__What is needed__
Each line of the data below from the one holding "(norm y)\<^sup>2 /" to the one holding "2)) * (\<integral>\<^sup>+y.", inclusive, is to be reproduced exactly; no other line belongs in the answer.

*** Input records ***

lemma measure_std_gauss_UNIV [simp]: "measure std_gauss UNIV = 1"
  using std_gauss.prob_space by simp

lemma emeasure_std_gauss_UNIV [simp]: "emeasure std_gauss UNIV = 1"
  using std_gauss.emeasure_space_1 by simp

lemma emeasure_std_gauss_less_top [simp]: "emeasure (std_gauss :: 'a::euclidean_space measure) A < \<top>"
  using std_gauss.emeasure_finite[of A] by (simp add: less_top[symmetric])

lemma std_gauss_density_shift:
  "std_gauss_density y * exp (v \<bullet> y) = exp ((norm v)\<^sup>2 / 2) * std_gauss_density (y - v)"
proof -
  have "(norm (y - v))\<^sup>2 = (norm y)\<^sup>2 - 2 * (v \<bullet> y) + (norm v)\<^sup>2"
    by (simp add: power2_norm_eq_inner inner_diff_left inner_diff_right inner_commute)
  then have "- (norm y)\<^sup>2 / 2 + v \<bullet> y = (norm v)\<^sup>2 / 2 + - (norm (y - v))\<^sup>2 / 2"
    by (simp add: field_simps)
  then show ?thesis
    by (simp add: std_gauss_density_def mult_ac flip: exp_add)
qed

lemma nn_integral_exp_inner_std_gauss:
  "(\<integral>\<^sup>+y. ennreal (exp ((v::'a::euclidean_space) \<bullet> y)) \<partial>std_gauss) = ennreal (exp ((norm v)\<^sup>2 / 2))"
proof -
  have "(\<integral>\<^sup>+y. ennreal (exp (v \<bullet> y)) \<partial>std_gauss)
      = (\<integral>\<^sup>+y. ennreal (exp ((norm v)\<^sup>2 / 2)) * ennreal (std_gauss_density (- v + y)) \<partial>lborel)"
    by (subst nn_integral_std_gauss)
      (auto simp: std_gauss_density_shift std_gauss_density_nonneg ennreal_mult'[symmetric]
        intro!: nn_integral_cong)
  also have "\<dots> = ennreal (exp ((norm v)\<^sup>2 / 2)) * (\<integral>\<^sup>+y. ennreal (std_gauss_density (y::'a)) \<partial>lborel)"
    using nn_integral_lborel_add[of "\<lambda>y. ennreal (std_gauss_density y)" "- v"]
    by (simp add: nn_integral_cmult)
  also have "(\<integral>\<^sup>+y. ennreal (std_gauss_density (y::'a)) \<partial>lborel)
      = emeasure std_gauss (space (std_gauss :: 'a measure))"
    by (simp add: std_gauss_eq_density emeasure_density)
  finally show ?thesis
    by simp
qed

*** End of Input records ***

__Written solution__
  then have "- (norm y)\<^sup>2 / 2 + v \<bullet> y = (norm v)\<^sup>2 / 2 + - (norm (y - v))\<^sup>2 / 2"
    by (simp add: field_simps)
  then show ?thesis
    by (simp add: std_gauss_density_def mult_ac flip: exp_add)
qed

lemma nn_integral_exp_inner_std_gauss:
  "(\<integral>\<^sup>+y. ennreal (exp ((v::'a::euclidean_space) \<bullet> y)) \<partial>std_gauss) = ennreal (exp ((norm v)\<^sup>2 / 2))"
proof -
  have "(\<integral>\<^sup>+y. ennreal (exp (v \<bullet> y)) \<partial>std_gauss)
      = (\<integral>\<^sup>+y. ennreal (exp ((norm v)\<^sup>2 / 2)) * ennreal (std_gauss_density (- v + y)) \<partial>lborel)"
    by (subst nn_integral_std_gauss)
      (auto simp: std_gauss_density_shift std_gauss_density_nonneg ennreal_mult'[symmetric]
        intro!: nn_integral_cong)
  also have "\<dots> = ennreal (exp ((norm v)\<^sup>2 / 2)) * (\<integral>\<^sup>+y. ennreal (std_gauss_density (y::'a)) \<partial>lborel)"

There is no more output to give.